Poor hygiene exacerbated by growing piles of rubbish and the current political crisis are all factors that haelth experts and residents say contributed to a dry-season cholera outbreak in Abidjan, the capital of Côte d’Ivoire. So far eight people out of 61 infected have died.

The first case – in Abidjan’s Adjamé District (a poor neighbourhood that has seen severe post-election violence in recent weeks) – was registered in mid-January [2011]; the major rains ended in November [2010]. Cholera has also affected the district of Williamsville.

“Across this region [West Africa] there are pockets of poverty where hygiene is poor and we see occasional outbreaks,” Mamadou D. Ball, WHO representative in Côte d’Ivoire, told IRIN. “The cholera bacterium is always present.”

Sandrine Touré, a health assistant in Williamsville, said she often sees children eating just after playing in rubbish. She added that many people, even in Abidjan, have no access to safe drinking water.

Since the political deadlock, household garbage is no longer being collected.

Even if families know that poor sanitation is linked to infectious disease, cholera was not much on people’s minds this time of year, said Soumaïla Traoré. “There is negligence in some communities. With the piles of rubbish people knew the threat of illness was real. But no one talked of cholera in this period.”

UNICEF and WHO are working with local health authorities to treat patients and promote better hygiene. advise communities on prevention. They are providing soap, cholera treatment kits and posters with prevention messages.

Source: IRIN, 31 Jan 2011

Tanzania: New cholera outbreak: 4 die

Four people died and 58 were hospitalised following a fresh outbreak of cholera in the eastern Tanzanian region of Morogoro, an official said Wednesday.

“Three of the deceased persons are members of the same family,” Morogoro regional health officer, Cares Lyimo, told AFP. He said the first cases in the area were reported two weeks ago and added that 58 people had since been admitted to hospital with cholera symptoms.

Lyimo said water shortages in the region, forcing residents to buy unsafe water from vendors, were to blame for the outbreak.

The disease is caused by the bacterium Vibrio cholerae and is spread by consuming contaminated food or water.

Around 60 people died of cholera in Tanzania’s northeast Tanga region in September and October.

Source: AFP / News24, 8 December 2010

Guinea-Bissau: zero tolerance of cholera this rainy season

Staff from NGOs and the health authorities are going house-to-house to distribute thousands of bottles of bleach to residents in the Bafata area of central Guinea-Bissau, to prevent another cholera outbreak. An epidemic in 2008 claimed at least 225 lives and infected more than 13,000 people.

“We’re doing everything possible to prevent a cholera outbreak this year. The joint effort of communities and local authorities has prevented many cases of cholera in the past and efforts have once again been stepped up,” said Ingrid Kuhfeldt, Country Director of Plan International, which works to alleviate child poverty.

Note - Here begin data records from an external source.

(* Let $f:\mathbb{R}^n\to\mathbb{R}$ be convex, differentiable and bounded from below, with $\nabla f$ being $L$-Lipschitz continuous ($L>0$), let $\lambda>0$, and let $H(x)=f(x)+\lambda\|x\|_0$. Let $\{x_k\},\{y_k\}$ be generated by the VMEPIHT method described in the context. Then: (1) every cluster point of $\{x_k\}$ is a local minimizer of $H$; (2) if $x^*$ is a cluster point of $\{x_k\}$, then $H(x_k)\to H(x^* )$.
   Context: $\|x\|_0$ denotes the number of nonzero components of $x\in\mathbb{R}^n$. For $x\in\mathbb{R}^n$, $I(x):=\{i: x_i=0\}$. For an index set $I\subseteq\{1,\dots,n\}$, $C_I:=\{x\in\mathbb{R}^n: x_i=0 \text{ for all } i\in I\}$, and $P_C(x)=\arg\min_{z\in C}\frac12\|z-x\|^2$ is the Euclidean projection onto $C$. VMEPIHT method: fix parameters $\mu>0$, $\lambda>0$ and a starting point $y_0\in\mathbb{R}^n$. For $k=0,1,2,\dots$: choose $x_k\in\arg\min_{x\in\mathbb{R}^n}\ \lambda\|x\|_0+\frac{L}{2}\|x-y_k+\frac1L\nabla f(y_k)\|^2+\frac{\mu}{2}\|x-y_k\|^2$; then choose a symmetric positive definite matrix $H_k$ and a step length $\alpha_k\ge 0$, and set $y_{k+1}=P_{C_{I(x_k)}}(x_k-\alpha_kH_k\nabla f(x_k))$, where $\alpha_k$ is chosen so that $f(y_{k+1})\leq f(x_k)$. *)

theory Defs
  imports "HOL-Analysis.Analysis"
begin

definition l0norm :: "real ^ 'n \<Rightarrow> nat" where
  "l0norm x = card {i. x $ i \<noteq> 0}"

definition zero_idx :: "real ^ 'n \<Rightarrow> 'n set" where
  "zero_idx x = {i. x $ i = 0}"

definition C_set :: "'n set \<Rightarrow> (real ^ 'n) set" where
  "C_set I = {x. \<forall>i\<in>I. x $ i = 0}"

definition is_proj :: "(real ^ 'n) set \<Rightarrow> real ^ 'n \<Rightarrow> real ^ 'n \<Rightarrow> bool" where
  "is_proj C x p \<longleftrightarrow> p \<in> C \<and> (\<forall>z\<in>C. (1/2) * (norm (p - x))\<^sup>2 \<le> (1/2) * (norm (z - x))\<^sup>2)"

definition sym_pos_def_mat :: "real ^ 'n ^ 'n \<Rightarrow> bool" where
  "sym_pos_def_mat A \<longleftrightarrow> transpose A = A \<and> (\<forall>v. v \<noteq> 0 \<longrightarrow> v \<bullet> (A *v v) > 0)"

definition cluster_point :: "(nat \<Rightarrow> real ^ 'n) \<Rightarrow> real ^ 'n \<Rightarrow> bool" where
  "cluster_point x c \<longleftrightarrow> (\<exists>r. strict_mono r \<and> (x \<circ> r) \<longlonglongrightarrow> c)"

definition local_minimizer :: "(real ^ 'n \<Rightarrow> real) \<Rightarrow> real ^ 'n \<Rightarrow> bool" where
  "local_minimizer h c \<longleftrightarrow> (\<exists>e>0. \<forall>x\<in>ball c e. h c \<le> h x)"

end

theory Submission
  imports Defs
begin

text \<open>
  Writing the thresholding subproblem as an \<open>l\<^sub>0\<close>-proximal step of \<open>H\<close> at \<open>y\<^sub>k\<close> and using the
  descent lemma gives \<open>H(x\<^sub>k) + \<mu>/2 \<parallel>x\<^sub>k - y\<^sub>k\<parallel>\<^sup>2 \<le> H(y\<^sub>k)\<close>; the projected step does not enlarge
  the support and does not increase \<open>f\<close>, so \<open>H(y\<^sub>k\<^sub>+\<^sub>1) \<le> H(x\<^sub>k)\<close>. Hence \<open>H(x\<^sub>k)\<close> and \<open>H(y\<^sub>k)\<close>
  have a common limit and \<open>x\<^sub>k - y\<^sub>k \<rightarrow> 0\<close>. A nonzero entry of \<open>x\<^sub>k\<close> is the corresponding entry
  of \<open>y\<^sub>k - \<nabla>f(y\<^sub>k)/(L+\<mu>)\<close> and has square at least \<open>2\<lambda>/(L+\<mu>)\<close>, so along a subsequence
  converging to \<open>c\<close> the support of \<open>x\<^sub>k\<close> is eventually that of \<open>c\<close>, \<open>\<nabla>f(c)\<close> vanishes on that
  support, and \<open>H(x\<^sub>k) \<rightarrow> H(c)\<close>. By convexity, moving within the support of \<open>c\<close> cannot decrease
  \<open>f\<close>, while leaving it costs at least \<open>\<lambda>\<close>, more than the first-order gain near \<open>c\<close>; so \<open>c\<close> is
  a local minimizer of \<open>H\<close>.
\<close>

lemma has_real_derivative_along_line:
  fixes f :: "'a::real_inner \<Rightarrow> real"
  assumes "\<And>z. (f has_derivative (\<lambda>h. gradf z \<bullet> h)) (at z)"
  shows "((\<lambda>t. f (y + t *\<^sub>R d)) has_real_derivative (gradf (y + t *\<^sub>R d) \<bullet> d)) (at t)"
proof -
  have "((\<lambda>t. y + t *\<^sub>R d) has_derivative (\<lambda>h. h *\<^sub>R d)) (at t)"
    by (auto intro!: derivative_eq_intros)
  from has_derivative_compose[OF this assms]
  show ?thesis
    unfolding has_field_derivative_def by (rule has_derivative_eq_rhs) (auto simp: fun_eq_iff)
qed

Cholera is a waterborne disease that usually occurs during the rainy season and spreads quickly in rural areas like the Bafata region, where most people fetch their water from wells that are easily contaminated, and it is not always stored in hygienic conditions.

This year the first rains fell in early June, but so far no cholera cases have been recorded anywhere in Guinea-Bissau. Kuhfeldt told IRIN this was partly the result of careful planning by the government and aid agencies – a repetition of the strategy implemented in 2009, when Bafata had no confirmed cases.

Plan International’s cholera prevention methods include distributing medical and cleaning supplies, like bleach and oral rehydration sachets, sinking wells and building toilets.

The UN Children’s Fund (UNICEF), backed by the European Commission’s humanitarian aid department (ECHO), has been running a hand-washing campaign and distributing water purification kits in case there is an outbreak.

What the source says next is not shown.